Sunil Mittal's Bharti Airtel has the financial capacity to withstand a payout of Rs 35,586 crore ($5 billion) towards its statutory adjusted gross revenue (AGR) dues following its recent $3 billion fundraiser that has boosted its liquidity position, Moody's Investors Service said Wednesday.
"Following recent capital-raising, we estimated (Bharti's) cash is over $5 billion, which can be used to fund the final AGR payment," Moody's said in its latest report.
According to the global rating agency, the Rs 35,300 crore cash payment will not cause a significant deterioration in the credit quality of Bharti Airtel, although it will substantially reduce its available cash reserves for Indian operations.
"We estimate leverage of around 5.5x for (Bharti Airtel) India for fiscal year ending March 2020, and consolidated leverage will be around 4.4x, within our tolerance range for the current Ba1 rating," Moody's said.
As per Department of Telecommunications (DoT) estimates, Bharti Airtel owes the government Rs 35,586 crore dues, including licence fee and spectrum usage charge. The company has so far paid Rs 10,000 crore in AGR dues to the telecom department. Sunil Mittal-led telco will pay the remaining dues after self-assessment of the amount payable to the government.

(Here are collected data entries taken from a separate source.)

lemma AE_density_zero_if_absolutely_continuous:
  assumes [measurable]: "p \<in> borel_measurable \<nu>" "q \<in> borel_measurable \<nu>"
    and p_nonneg: "\<And>y. 0 \<le> p y"
    and "absolutely_continuous (density \<nu> (\<lambda>y. ennreal (q y))) (density \<nu> (\<lambda>y. ennreal (p y)))"
  shows "AE y in \<nu>. q y = 0 \<longrightarrow> p y = 0"
proof -
  have "{y\<in>space \<nu>. q y = 0} \<in> null_sets (density \<nu> (\<lambda>y. ennreal (q y)))"
    by (subst null_sets_density_iff) auto
  with assms(4) have "{y\<in>space \<nu>. q y = 0} \<in> null_sets (density \<nu> (\<lambda>y. ennreal (p y)))"
    unfolding absolutely_continuous_def by blast
  then have "AE y in \<nu>. y \<in> {y\<in>space \<nu>. q y = 0} \<longrightarrow> ennreal (p y) = 0"
    by (subst (asm) null_sets_density_iff) auto
  with AE_space show ?thesis
    by eventually_elim (use p_nonneg in auto)
qed

lemma nn_integral_exp_scaleR_le_holder:
  fixes \<nu> :: "'a::euclidean_space measure" and p q :: "'a \<Rightarrow> real"
  assumes sets_\<nu>: "sets \<nu> = sets borel"
    and [measurable]: "p \<in> borel_measurable \<nu>" "q \<in> borel_measurable \<nu>"
    and p_nonneg: "\<And>y. 0 \<le> p y" and q_nonneg: "\<And>y. 0 \<le> q y"
    and supp: "AE y in \<nu>. q y = 0 \<longrightarrow> p y = 0"
    and c: "0 < c" "c < 1"
    and A: "(\<integral>\<^sup>+y. ennreal (exp (v \<bullet> y) * q y) \<partial>\<nu>) = ennreal A" "0 \<le> A"
    and B: "(\<integral>\<^sup>+y. ennreal (indicator {y. 0 < q y} y * (p y powr (1 / (1 - c)) * q y powr (1 - 1 / (1 - c)))) \<partial>\<nu>) = ennreal B" "0 \<le> B"
  shows "(\<integral>\<^sup>+y. ennreal (p y * exp ((c *\<^sub>R v) \<bullet> y)) \<partial>\<nu>) \<le> ennreal (A powr c * B powr (1 - c))"
proof -
  have [measurable]: "(\<lambda>y. w \<bullet> y) \<in> borel_measurable \<nu>" for w :: 'a
    unfolding measurable_cong_sets[OF sets_\<nu> refl] by simp
  define f where "f y = exp (v \<bullet> y) * q y" for y
  define g where "g y = indicator {y. 0 < q y} y * (p y powr (1 / (1 - c)) * q y powr (1 - 1 / (1 - c)))" for y
  have [measurable]: "f \<in> borel_measurable \<nu>" "g \<in> borel_measurable \<nu>"
    unfolding f_def g_def by measurable
  have "(\<integral>\<^sup>+y. ennreal (p y * exp ((c *\<^sub>R v) \<bullet> y)) \<partial>\<nu>) \<le> (\<integral>\<^sup>+y. ennreal (f y powr c * g y powr (1 - c)) \<partial>\<nu>)"
    using supp
  proof (intro nn_integral_mono_AE, eventually_elim)
    case (elim y)
    show ?case
    proof (cases "0 < q y")
      case True
      then show ?thesis
        using c p_nonneg powr_holder_split[of "exp (v \<bullet> y)" "p y" "q y" c]
        by (simp add: f_def g_def powr_def[of "exp _"] algebra_simps)
    next
      case False
      with q_nonneg[of y] elim show ?thesis by simp
    qed
  qed
  also have "\<dots> \<le> ennreal (A powr c * B powr (1 - c))"
    using A B c p_nonneg q_nonneg
    by (intro nn_integral_powr_mult_le) (auto simp: f_def g_def)
  finally show ?thesis .
qed

lemma logMGF_scaleR_le_renyi:
  fixes P Q \<nu> :: "'a::euclidean_space measure" and p q :: "'a \<Rightarrow> real"
  assumes sets_\<nu>: "sets \<nu> = sets borel"
    and [measurable]: "p \<in> borel_measurable \<nu>" "q \<in> borel_measurable \<nu>"
    and p_nonneg: "\<And>y. 0 \<le> p y" and q_nonneg: "\<And>y. 0 \<le> q y"
    and P: "P = density \<nu> (\<lambda>y. ennreal (p y))" and Q: "Q = density \<nu> (\<lambda>y. ennreal (q y))"
    and c: "0 < c" "c < 1"
    and logMGF_Q: "logMGF Q v = ereal a"
    and renyi_PQ: "renyi (1 / (1 - c)) \<nu> p q = ereal r"
  shows "logMGF P (c *\<^sub>R v) \<le> ereal (c * a + c / (1 - c) * r)"
proof -
  have [measurable]: "(\<lambda>y. w \<bullet> y) \<in> borel_measurable \<nu>" for w :: 'a
    unfolding measurable_cong_sets[OF sets_\<nu> refl] by simp
  define \<alpha> where "\<alpha> = 1 / (1 - c)"
  define b where "b = \<alpha> * (\<alpha> - 1) * r"
  have \<alpha>_minus_1: "\<alpha> - 1 = c / (1 - c)"
    using c by (simp add: \<alpha>_def field_simps)
  have \<alpha>_gt_1: "1 < \<alpha>" and b_scaled: "(1 - c) * b = c / (1 - c) * r"
    using c \<alpha>_minus_1 by (simp_all add: b_def \<alpha>_def)
  define IB where "IB = (\<integral>\<^sup>+y. ennreal (indicator {y. 0 < q y} y * (p y powr \<alpha> * q y powr (1 - \<alpha>))) \<partial>\<nu>)"
  have ac: "absolutely_continuous Q P" and "ereal (1 / (\<alpha> * (\<alpha> - 1))) * ln_ennreal IB = ereal r"
    using renyi_PQ \<alpha>_gt_1 by (auto simp: renyi_def P Q \<alpha>_def IB_def split: if_splits)
  then have "ln_ennreal IB = ereal b"
    using \<alpha>_gt_1 by (cases "ln_ennreal IB") (auto simp: b_def)
  then have B: "IB = ennreal (exp b)"
    by (simp add: ln_ennreal_eq_ereal_iff)
  have supp: "AE y in \<nu>. q y = 0 \<longrightarrow> p y = 0"
    using ac p_nonneg by (intro AE_density_zero_if_absolutely_continuous) (auto simp: P Q)
  have "(\<integral>\<^sup>+y. ennreal (exp (v \<bullet> y) * q y) \<partial>\<nu>) = (\<integral>\<^sup>+y. ennreal (exp (v \<bullet> y)) \<partial>Q)"
    using q_nonneg by (simp add: Q nn_integral_density ennreal_mult' mult.commute)
  also have "\<dots> = ennreal (exp a)"
    using logMGF_Q by (simp add: logMGF_def ln_ennreal_eq_ereal_iff)
  finally have A: "(\<integral>\<^sup>+y. ennreal (exp (v \<bullet> y) * q y) \<partial>\<nu>) = ennreal (exp a)" .
  have "(\<integral>\<^sup>+y. ennreal (exp ((c *\<^sub>R v) \<bullet> y)) \<partial>P) = (\<integral>\<^sup>+y. ennreal (p y * exp ((c *\<^sub>R v) \<bullet> y)) \<partial>\<nu>)"
    using p_nonneg by (simp add: P nn_integral_density ennreal_mult')
  also have "\<dots> \<le> ennreal (exp a powr c * exp b powr (1 - c))"
    using A B c p_nonneg q_nonneg supp
    by (intro nn_integral_exp_scaleR_le_holder[OF sets_\<nu>]) (auto simp: IB_def \<alpha>_def)
  also have "exp a powr c * exp b powr (1 - c) = exp (c * a + c / (1 - c) * r)"
    using b_scaled by (simp add: powr_def exp_add mult.commute)
  finally show ?thesis
    unfolding logMGF_def by (rule ln_ennreal_le_ereal)
qed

Airtel on February 17 had said that the company "is in a process of completing the self-assessment exercise expeditiously and will make the balance payment upon completion of the same, before the next date of hearing in the Supreme Court". On February 14, 2020, the Supreme Court had ordered telecom companies to clear their pending licence fees and spectrum usage charges before the next hearing in the AGR matter, that is, March 17.
Moody's also remained optimistic about Bharti Airtel's growth prospects, saying that it had successfully executed a significant amount of capital raising activities over the last 12 months. "Recent capital-raising activities provide additional liquidity to fund the AGR payment," it said.
As on December 31, 2019, the telco had consolidated cash and short term investments of $4.2 billion, with around $2.3 billion held at the Indian operations, excluding Bharti Infratel operations. India accounts for around 75 per cent of Bharti Airtel's debt and 60 per cent of operating profit or EBITDA.
"Debt levels and cash costs are high for this segment and need to be serviced from India's own organic cash flow," Moody's said. "Cash and EBITDA generated at less than wholly-owned subsidiaries is not directly available to service debt at India. As a result, a significant expansion of India's cash flow is required to achieve meaningful debt reduction on a consolidated basis."
On Indian telecom industry, Moody's said that fundamentals in the sector are improving, but uncertainty around the sustainability of the improvement and future cash requirements (including 4G/5G spectrum auction) remains.
As per the DoT estimates, 15 entities owe the government Rs 1.47 lakh crore - Rs 92,642 crore in unpaid licence fee and another Rs 55,054 crore in outstanding spectrum usage charges. Vodafone Idea, which owes over Rs 53,000 crore in AGR dues, has made a total payment of Rs 3,500 crore, while Tata Teleservices has paid Rs 2,197 crore.